Przed złożeniem wniosku o rozwód kościelny należy umówić się na rozmowę.
Osoba ubiegająca się o unieważnienie składa opłatę w wysokości swojego miesięcznego dochodu. Można ją rozłożyć na dowolne raty z terminem płatności do 2 lat. Opinie biegłego to wydatek ok. 300 – 600 zł (za jedną opinię).

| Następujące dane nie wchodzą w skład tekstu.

(* Let $n\ge2$, $1<\mathscr{P}\le n-1$, $N=\binom{n}{\mathscr{P}}$, let $0\le l<k\le N$ be integers and $p,q$ constants with $p>q-l$. Let $\varphi\in C^0(\mathbb{S}^n)$ be positive. Then the equation $$\frac{\sigma_k(\Lambda(\nabla^2u+uI))}{\sigma_l(\Lambda(\nabla^2u+uI))}=u^{p-1}(u^2+|\nabla u|^2)^{\frac{k+1-q}{2}}\varphi\quad\text{on }\mathbb{S}^n$$ has at most one positive admissible solution.
   Context: $\mathbb{S}^n$ is the unit sphere with its standard metric; $\nabla u$, $\nabla^2u$ are the gradient and covariant Hessian in a local orthonormal frame; $I$ is the identity. Let $\mathbf{I}_1,\dots,\mathbf{I}_N$ enumerate the multi-indices $1\le i_1<\dots<i_{\mathscr{P}}\le n$. For a symmetric matrix $A$ with eigenvalues $\lambda$, $\Lambda(A)=(\Lambda_{\mathbf{I}_1},\dots,\Lambda_{\mathbf{I}_N})$ with $\Lambda_{\mathbf{I}}=\lambda_{i_1}+\dots+\lambda_{i_{\mathscr{P}}}$. $\sigma_m$ is the $m$-th elementary symmetric polynomial, $\sigma_0=1$; $\Gamma_k=\{\mu\in\mathbb{R}^N:\sigma_j(\mu)>0,\ 1\le j\le k\}$. A function $u\in C^2(\mathbb{S}^n)$ is admissible if $\Lambda(\nabla^2u+uI)\in\Gamma_k$ at every point. *)

theory Defs
  imports "HOL-Analysis.Analysis"
begin

text \<open>The unit sphere S^n is realised as sphere 0 1 in R^(n+1) = real^'m, with n = CARD('m) - 1.\<close>

definition sph_ext :: "(real^'m::finite \<Rightarrow> real) \<Rightarrow> real^'m \<Rightarrow> real" where
  "sph_ext u y = u (y /\<^sub>R norm y)"

definition ext_grad :: "(real^'m::finite \<Rightarrow> real) \<Rightarrow> real^'m \<Rightarrow> real^'m" where
  "ext_grad u y = (\<chi> i. frechet_derivative (sph_ext u) (at y) (axis i 1))"

definition ext_hess :: "(real^'m::finite \<Rightarrow> real) \<Rightarrow> real^'m \<Rightarrow> real^'m^'m" where
  "ext_hess u y = (\<chi> i j. frechet_derivative (ext_grad u) (at y) (axis j 1) $ i)"

text \<open>u is C^2 on the sphere iff its homogeneous extension is C^2 on R^(n+1) minus 0.\<close>
definition C2_sphere :: "(real^'m::finite \<Rightarrow> real) \<Rightarrow> bool" where
  "C2_sphere u \<longleftrightarrow>
     (\<forall>y. y \<noteq> 0 \<longrightarrow> sph_ext u differentiable (at y) \<and> ext_grad u differentiable (at y))
     \<and> continuous_on (- {0}) (ext_hess u)"

text \<open>Spherical gradient (the gradient of the 0-homogeneous extension is tangent).\<close>
definition sph_grad :: "(real^'m::finite \<Rightarrow> real) \<Rightarrow> real^'m \<Rightarrow> real^'m" where
  "sph_grad u x = ext_grad u x"

definition sph_hess :: "(real^'m::finite \<Rightarrow> real) \<Rightarrow> real^'m \<Rightarrow> real^'m \<Rightarrow> real^'m \<Rightarrow> real" where
  "sph_hess u x v w = v \<bullet> (ext_hess u x *v w) - (ext_grad u x \<bullet> x) * (v \<bullet> w)"

definition sph_A :: "(real^'m::finite \<Rightarrow> real) \<Rightarrow> real^'m \<Rightarrow> real^'m \<Rightarrow> real^'m \<Rightarrow> real" where
  "sph_A u x v w = sph_hess u x v w + u x * (v \<bullet> w)"

definition tangent_frame :: "real^'m::finite \<Rightarrow> (nat \<Rightarrow> real^'m) \<Rightarrow> bool" where
  "tangent_frame x e \<longleftrightarrow>
     (\<forall>i\<in>{1..CARD('m) - 1}. e i \<bullet> x = 0) \<and>
     (\<forall>i\<in>{1..CARD('m) - 1}. \<forall>j\<in>{1..CARD('m) - 1}. e i \<bullet> e j = (if i = j then 1 else 0))"

definition sph_eigs :: "(real^'m::finite \<Rightarrow> real) \<Rightarrow> real^'m \<Rightarrow> nat \<Rightarrow> real" where
  "sph_eigs u x = (SOME lam. \<exists>e. tangent_frame x e \<and>
      (\<forall>i\<in>{1..CARD('m) - 1}. \<forall>j\<in>{1..CARD('m) - 1}.
          sph_A u x (e i) (e j) = (if i = j then lam i else 0)))"

text \<open>Multi-indices 1 <= i_1 < ... < i_P <= n, as P-element subsets of {1..n}.\<close>
definition multi_indices :: "nat \<Rightarrow> nat \<Rightarrow> nat set set" where
  "multi_indices n P = {I. I \<subseteq> {1..n} \<and> card I = P}"

definition Lam :: "(nat \<Rightarrow> real) \<Rightarrow> nat set \<Rightarrow> real" where
  "Lam lam I = (\<Sum>i\<in>I. lam i)"

definition esym :: "nat \<Rightarrow> ('i \<Rightarrow> real) \<Rightarrow> 'i set \<Rightarrow> real" where
  "esym m f A = (\<Sum>S\<in>{S. S \<subseteq> A \<and> card S = m}. \<Prod>i\<in>S. f i)"

definition in_Gamma :: "nat \<Rightarrow> ('i \<Rightarrow> real) \<Rightarrow> 'i set \<Rightarrow> bool" where
  "in_Gamma k f A \<longleftrightarrow> (\<forall>j\<in>{1..k}. esym j f A > 0)"

definition admissible :: "nat \<Rightarrow> nat \<Rightarrow> (real^'m::finite \<Rightarrow> real) \<Rightarrow> bool" where
  "admissible P k u \<longleftrightarrow> C2_sphere u \<and>
     (\<forall>x\<in>sphere 0 1. in_Gamma k (Lam (sph_eigs u x)) (multi_indices (CARD('m) - 1) P))"

definition solves_eq :: "nat \<Rightarrow> nat \<Rightarrow> nat \<Rightarrow> real \<Rightarrow> real \<Rightarrow> (real^'m::finite \<Rightarrow> real)
                         \<Rightarrow> (real^'m \<Rightarrow> real) \<Rightarrow> bool" where
  "solves_eq P k l p q phi u \<longleftrightarrow>
     (\<forall>x\<in>sphere 0 1.
        esym k (Lam (sph_eigs u x)) (multi_indices (CARD('m) - 1) P)
        / esym l (Lam (sph_eigs u x)) (multi_indices (CARD('m) - 1) P)
        = u x powr (p - 1) * ((u x)\<^sup>2 + (norm (sph_grad u x))\<^sup>2) powr ((real k + 1 - q) / 2) * phi x)"

end

theory Submission
  imports Defs "HOL-Computational_Algebra.Polynomial"
begin

text \<open>Suppose u > v somewhere and let t > 1 be the maximum of u / v on the sphere, attained at
  x0. Then t v touches u from above at x0, so \<nabla>u = t \<nabla>v there and
  \<nabla>^2 u + u I \<le> t (\<nabla>^2 v + v I) as forms on the tangent space. By Courant-Fischer the
  eigenvalues of the right-hand side dominate those of the left-hand side after a permutation, so
  the same holds for the sums \<Lambda>. Newton's inequalities make sigma_k / sigma_l increasing in
  each entry on Gamma_k, hence the left-hand side of the equation for u at x0 is at most t^(k-l)
  times that for v, while the right-hand side is exactly t^(p+k-q) times it. So
  t^(p+k-q) \<le> t^(k-l), contradicting p > q - l. By symmetry u = v.\<close>

section \<open>Elementary symmetric functions\<close>

lemma esym_0 [simp]: "finite A \<Longrightarrow> esym 0 f A = 1"
proof -
  assume "finite A"
  then have "{S. S \<subseteq> A \<and> card S = 0} = {{}}"
    by (auto dest: finite_subset)
  then show ?thesis by (simp add: esym_def)
qed

lemma esym_eq_0_if_card_less: "finite A \<Longrightarrow> card A < m \<Longrightarrow> esym m f A = 0"
  unfolding esym_def by (auto dest: card_mono intro!: sum.neutral)

lemma esym_cong: "(\<And>i. i \<in> A \<Longrightarrow> f i = g i) \<Longrightarrow> esym m f A = esym m g A"
  unfolding esym_def by (intro sum.cong refl prod.cong) auto

lemma subsets_card_Suc_insert:
  assumes "finite A" "a \<notin> A"
  shows "{S. S \<subseteq> insert a A \<and> card S = Suc m}
    = {S. S \<subseteq> A \<and> card S = Suc m} \<union> insert a ` {S. S \<subseteq> A \<and> card S = m}"
proof (intro set_eqI iffI)
  fix S assume S: "S \<in> {S. S \<subseteq> insert a A \<and> card S = Suc m}"
  show "S \<in> {S. S \<subseteq> A \<and> card S = Suc m} \<union> insert a ` {S. S \<subseteq> A \<and> card S = m}"
  proof (cases "a \<in> S")
    case True
    then have "S = insert a (S - {a})" "S - {a} \<in> {S. S \<subseteq> A \<and> card S = m}"
      using S assms by (auto simp: card_Diff_singleton dest: finite_subset)
    then show ?thesis by blast
  qed (use S in auto)
next
  fix S assume "S \<in> {S. S \<subseteq> A \<and> card S = Suc m} \<union> insert a ` {S. S \<subseteq> A \<and> card S = m}"
  then show "S \<in> {S. S \<subseteq> insert a A \<and> card S = Suc m}"
    using assms by (auto intro!: card_insert_disjoint intro: finite_subset)
qed

lemma esym_insert:
  assumes "finite A" "a \<notin> A"
  shows "esym (Suc m) f (insert a A) = esym (Suc m) f A + f a * esym m f A"
proof -
  let ?X = "{S. S \<subseteq> A \<and> card S = Suc m}"
  let ?Y = "{S. S \<subseteq> A \<and> card S = m}"
  have fin: "finite ?X" "finite ?Y"
    using assms(1) by (auto intro: finite_subset[of _ "Pow A"])
  have inj: "inj_on (insert a) ?Y"
    using assms(2) by (intro inj_onI) (metis insert_ident mem_Collect_eq subsetD)
  have "esym (Suc m) f (insert a A) = (\<Sum>S\<in>?X. prod f S) + (\<Sum>S\<in>?Y. prod f (insert a S))"
    unfolding esym_def subsets_card_Suc_insert[OF assms]
    using fin assms(2) by (subst sum.union_disjoint) (auto simp: sum.reindex[OF inj])
  also have "(\<Sum>S\<in>?Y. prod f (insert a S)) = (\<Sum>S\<in>?Y. f a * prod f S)"
    using assms by (intro sum.cong refl) (auto intro!: prod.insert intro: finite_subset)
  finally show ?thesis by (simp add: esym_def sum_distrib_left)
qed

lemma esym_remove:
  assumes "finite A" "a \<in> A"
  shows "esym (Suc m) f A = esym (Suc m) f (A - {a}) + f a * esym m f (A - {a})"
  using esym_insert[of "A - {a}" a m f] assms by (simp add: insert_absorb)

lemma bij_betw_image_subsets_card:
  assumes "bij_betw h B A"
  shows "bij_betw ((`) h) {S. S \<subseteq> B \<and> card S = m} {S. S \<subseteq> A \<and> card S = m}"
proof -
  have inj: "inj_on h B" and img: "h ` B = A"
    using assms by (auto simp: bij_betw_def)
  have card_img: "card (h ` S) = card S" if "S \<subseteq> B" for S
    using inj that by (meson card_image inj_on_subset)
  have "bij_betw ((`) h) {S \<in> Pow B. card S = m} ((`) h ` {S \<in> Pow B. card S = m})"
    by (rule bij_betw_subset[OF bij_betw_Pow[OF assms]]) auto
  moreover have "(`) h ` {S \<in> Pow B. card S = m} = {S. S \<subseteq> A \<and> card S = m}"
  proof (intro set_eqI iffI)
    fix T assume T: "T \<in> {S. S \<subseteq> A \<and> card S = m}"
    then have "T = h ` (B \<inter> h -` T)" "B \<inter> h -` T \<subseteq> B"
      using img by auto
    then show "T \<in> (`) h ` {S \<in> Pow B. card S = m}"
      using T card_img by (metis (mono_tags, lifting) Pow_iff image_eqI mem_Collect_eq)
  qed (use img card_img in auto)
  ultimately show ?thesis by simp
qed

Zatajone przed ślubem zaburzenia osobowości oraz psychiczna, niezdolność do współżycia to najczęstsze przyczyny unieważnień związków zawartych w kościele.
Następnie należy opisać krótko i treściwie min.3 strony A4 wszystko od momentu poznania się ze swoją ex następnie jak wyglądały zaręczyny, ślub i wesele i dalsze życie do momentu rozstania a i jeżeli w związku są dzieci opisać sposób kontaktu z nimi. Na końcu podaje się imiona nazwiska i adresy świadków i tyle.
Na rozpatrzenie wniosku czeka się dwa lata, ale zdarza się, że formalności przedłużają się nawet do 10 lat. Mimo to nikt nie rezygnuje, bo unieważnienie małżeństwa daje możliwość wzięcia ślubu kościelnego po raz drugi oraz przystępowania do sakramentów.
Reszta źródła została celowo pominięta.